It's that time again: time to merge onto the interstate and head to wherever Siri is screaming at you to go. There are possibilities as to what lies ahead on your journey, but one thing is certain: you're going to spy a lot of different drivers...some good, some netural, but mostly bad.
1. The Speed Demon
These are the people who are the type who will fly by you despite the fact that you're already going 10 miles over the speed limit. The sign says 70? Obviously that's just a suggestion, I think they meant 95...at least.
2. The Social Butterfly
Everyone's guilty of this at some point, but these are the people whose social life can't hold off until they arrive at their destination. Sure, Mom called. Answer it, whatever. But your bestie can wait, she'll live, I promise. Be mindful of the other drivers around you—that text/tweet/status/selfie can wait. This is especially annoying in stop-and-go traffic when everyone's nerves are already on edge. Like come on, we don't want to wait another three hours to get to our destination because of another accident.
3. The Secret Alcoholic
Oh you know the type, the jerks who can't figure out which lane they want to be in so they either take control of the road and swerve into each lane and even off road until they make up their mind orrrr, better yet, ride in the middle of the road where no one can pass them because it's now their road. Jerks, you're not fooling anyone, you might as well be chugging a bottle of Jack while choosing your damn lane.
4. The A**hole
These people are just trying to piss other drivers off. They'll cut you off in a heartbeat and make you look like the one at fault. Not to mention, they'll also probably slow down while they're at it. Or they'll pop their brakes randomly when there's absolutely no reason for it. They're just asking to get hit. A**holes are just terrible people. Like seriously, can you not?
5. The Soccer Mom
DVD player on? Check. All seats occupied by children? Check. Baby on board sticker on the window? Check. Drives exactly the speed limit? Ugh. Check. What we have here is the classic "soccer mom."
6. The Aggressive
I believe we are all the aggressive driver at some point (if not all of the time). These are the drivers who will honk a horn and flip you off in a heartbeat if you do anything as much as look at them wrong. Extra points if they have the windows rolled down and are yelling expletives too.

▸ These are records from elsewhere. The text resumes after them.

lemma ballot3_snoc:
  "ballot3 (w @ [l]) \<longleftrightarrow>
     ballot3 w \<and> cnt B (w @ [l]) \<le> cnt A (w @ [l]) \<and> cnt C (w @ [l]) \<le> cnt B (w @ [l])"
proof -
  have "{1..length (w @ [l])} = insert (Suc (length w)) {1..length w}"
    by auto
  then show ?thesis
    unfolding ballot3_def by auto
qed

lemma ballot3_cnt_le:
  assumes "ballot3 w"
  shows "cnt B w \<le> cnt A w" and "cnt C w \<le> cnt B w"
proof -
  have "cnt B w \<le> cnt A w \<and> cnt C w \<le> cnt B w"
  proof (cases w rule: rev_cases)
    case (snoc v l)
    with assms show ?thesis
      by (simp only: ballot3_snoc)
  qed simp
  then show "cnt B w \<le> cnt A w" and "cnt C w \<le> cnt B w"
    by simp_all
qed

definition lead_AB :: "cand list \<Rightarrow> nat" where
  "lead_AB w = cnt A w - cnt B w"

definition lead_BC :: "cand list \<Rightarrow> nat" where
  "lead_BC w = cnt B w - cnt C w"

definition ballot_sum :: "(nat \<Rightarrow> nat \<Rightarrow> nat) \<Rightarrow> nat \<Rightarrow> nat" where
  "ballot_sum \<phi> n = (\<Sum>w | length w = n \<and> ballot3 w. \<phi> (lead_AB w) (lead_BC w))"

definition ballot_step :: "(nat \<Rightarrow> nat \<Rightarrow> nat) \<Rightarrow> nat \<Rightarrow> nat \<Rightarrow> nat" where
  "ballot_step \<phi> x y =
     \<phi> (Suc x) y + (if x > 0 then \<phi> (x - 1) (Suc y) else 0) + (if y > 0 then \<phi> x (y - 1) else 0)"

lemma ballot_sum_0: "ballot_sum \<phi> 0 = \<phi> 0 0"
proof -
  have "{w. length w = 0 \<and> ballot3 w} = {[]}"
    by auto
  then show ?thesis
    by (simp add: ballot_sum_def lead_AB_def lead_BC_def)
qed

lemma ballot_sum_Suc: "ballot_sum \<phi> (Suc n) = ballot_sum (ballot_step \<phi>) n"
proof -
  have "(\<Sum>l | ballot3 (w @ [l]). \<phi> (lead_AB (w @ [l])) (lead_BC (w @ [l])))
      = ballot_step \<phi> (lead_AB w) (lead_BC w)" if "ballot3 w" for w
    using ballot3_cnt_le[OF that] that
    by (simp add: sum_Collect_cand ballot3_snoc ballot_step_def lead_AB_def lead_BC_def
        Suc_diff_le)
  then show ?thesis
    unfolding ballot_sum_def
    by (simp add: sum_lists_length_Suc[OF _ ballot3_snoc[THEN iffD1, THEN conjunct1]] UNIV_cand)
qed

lemma ballot_sum_add: "ballot_sum (\<lambda>x y. \<phi> x y + \<chi> x y) n = ballot_sum \<phi> n + ballot_sum \<chi> n"
  by (simp add: ballot_sum_def sum.distrib)

lemma UNIV_step: "(UNIV :: step set) = {U, F, D}"
  using step.exhaust by auto

lemma sum_Collect_step:
  "(\<Sum>s | Q s. g s) = (if Q U then g U else 0) + (if Q F then g F else 0) + (if Q D then g D else 0)"
proof -
  have "{s. Q s} = {s \<in> {U, F, D}. Q s}"
    by (simp add: UNIV_step[symmetric])
  then have "(\<Sum>s | Q s. g s) = (\<Sum>s \<in> {U, F, D}. if Q s then g s else 0)"
    by (simp only:) (rule sum.inter_filter, simp)
  then show ?thesis
    by (simp add: add.assoc)
qed

definition riordan_prefix :: "step list \<Rightarrow> bool" where
  "riordan_prefix p \<longleftrightarrow>
     (\<forall>k\<le>length p. height p k \<ge> 0) \<and> (\<forall>i<length p. p ! i = F \<longrightarrow> height p i \<noteq> 0)"

definition end_height :: "step list \<Rightarrow> int" where
  "end_height p = height p (length p)"

lemma riordan_path_iff: "riordan_path p \<longleftrightarrow> riordan_prefix p \<and> end_height p = 0"
  by (auto simp: riordan_path_def riordan_prefix_def end_height_def)

lemma height_snoc: "k \<le> length p \<Longrightarrow> height (p @ [s]) k = height p k"
  by (simp add: height_def)

lemma end_height_snoc: "end_height (p @ [s]) = end_height p + stepval s"
  by (simp add: end_height_def height_def)

lemma riordan_prefix_Nil [simp]: "riordan_prefix []"
  by (simp add: riordan_prefix_def height_def)

lemma riordan_prefix_snoc:
  "riordan_prefix (p @ [s]) \<longleftrightarrow>
     riordan_prefix p \<and> end_height p + stepval s \<ge> 0 \<and> (s = F \<longrightarrow> end_height p \<noteq> 0)"
  using height_snoc[of _ p s] end_height_snoc[of p s]
  by (auto simp: riordan_prefix_def end_height_def le_Suc_eq less_Suc_eq nth_append)

lemma riordan_prefix_end_height_nonneg: "riordan_prefix p \<Longrightarrow> end_height p \<ge> 0"
  by (simp add: riordan_prefix_def end_height_def)

definition path_sum :: "(int \<Rightarrow> nat) \<Rightarrow> nat \<Rightarrow> nat" where
  "path_sum \<psi> n = (\<Sum>p | length p = n \<and> riordan_prefix p. \<psi> (end_height p))"

definition path_step :: "(int \<Rightarrow> nat) \<Rightarrow> int \<Rightarrow> nat" where
  "path_step \<psi> g = \<psi> (g + 1) + (if g \<noteq> 0 then \<psi> g else 0) + (if g \<ge> 1 then \<psi> (g - 1) else 0)"

lemma path_sum_0: "path_sum \<psi> 0 = \<psi> 0"
proof -
  have "{p. length p = 0 \<and> riordan_prefix p} = {[]}"
    by auto
  then show ?thesis
    by (simp add: path_sum_def end_height_def height_def)
qed

lemma path_sum_Suc: "path_sum \<psi> (Suc n) = path_sum (path_step \<psi>) n"
proof -
  have "(\<Sum>s | riordan_prefix (p @ [s]). \<psi> (end_height (p @ [s]))) = path_step \<psi> (end_height p)"
    if "riordan_prefix p" for p
    using riordan_prefix_end_height_nonneg[OF that] that
    by (simp add: sum_Collect_step riordan_prefix_snoc end_height_snoc path_step_def)
  then show ?thesis
    unfolding path_sum_def
    by (simp add: sum_lists_length_Suc[OF _ riordan_prefix_snoc[THEN iffD1, THEN conjunct1]] UNIV_step)
qed

lemma path_sum_add: "path_sum (\<lambda>g. \<psi> g + \<chi> g) n = path_sum \<psi> n + path_sum \<chi> n"
  by (simp add: path_sum_def sum.distrib)

lemma path_sum_cong: "(\<And>g. g \<ge> 0 \<Longrightarrow> \<psi> g = \<chi> g) \<Longrightarrow> path_sum \<psi> n = path_sum \<chi> n"
  unfolding path_sum_def by (rule sum.cong) (simp_all add: riordan_prefix_end_height_nonneg)

definition ballot_weight :: "nat \<Rightarrow> nat \<Rightarrow> nat \<Rightarrow> nat" where
  "ballot_weight h x y = Suc (min x h) - (h - y)"

definition path_weight :: "nat \<Rightarrow> int \<Rightarrow> nat" where
  "path_weight h g = of_bool (g = int h) + of_bool (g = int h + 1)"

lemma ballot_step_ballot_weight:
  "ballot_step (ballot_weight h) x y
     = (if h > 0 then ballot_weight (h - 1) x y else 0) + ballot_weight h x y + ballot_weight (Suc h) x y"
  unfolding ballot_step_def ballot_weight_def
  by (cases h; cases x; cases y) (simp_all add: min_def split: nat_diff_split)

lemma path_step_path_weight:
  "g \<ge> 0 \<Longrightarrow> path_step (path_weight h) g
     = (if h > 0 then path_weight (h - 1) g else 0) + path_weight h g + path_weight (Suc h) g"
  by (cases h) (auto simp: path_step_def path_weight_def)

Similar to the a**hole and speed demon, they also don't mind pissing off other drivers and flying around them if they believe the car in front of them is driving far too slow. Extra points if they turn and give you a look of disgust as they go by.
7. The Face-Stuffer
These are the people who eat or drink while they drive. I must say, I applaud you if you are able to do this. Especially those who drive a manual. I can barely eat fries and drive at the same time, much less consume a full meal and drink and ice cream to top it all off. Bravo, face-stuffers, bravo.
8. The Performer
These are the drivers who tend to blare their music and, not just sing along to it, no. These drivers will scream the lyrics as well as dance along to it...while driving. Also can be known as the "Obnoxious," if it's horrendous enough.
9. The Vaper
Driving down the road and all of sudden your car is surrounded in a cloud of smoke...no, it's not fog. A wild Vaper has appeared. That car in front of you has smoke billowing from it? Don't worry, it's just coming out from the windows...well, hopefully.
10. The Chill
Lastly, the drivers I admire the most. These people are just chill, no matter what. They don't get angry or upset during their journey. Their music isn't obnoxiously loud. They're just trying to get to their destination and not worrying about the other drivers' attitudes. They're so easy-going. They don't drive turtle slow, but they also don't drive at break-neck speeds. They're just...well...chill, which is extremely hard to do since driving can get nerve-wracking and anger-inducing. You, my friend, are awesome.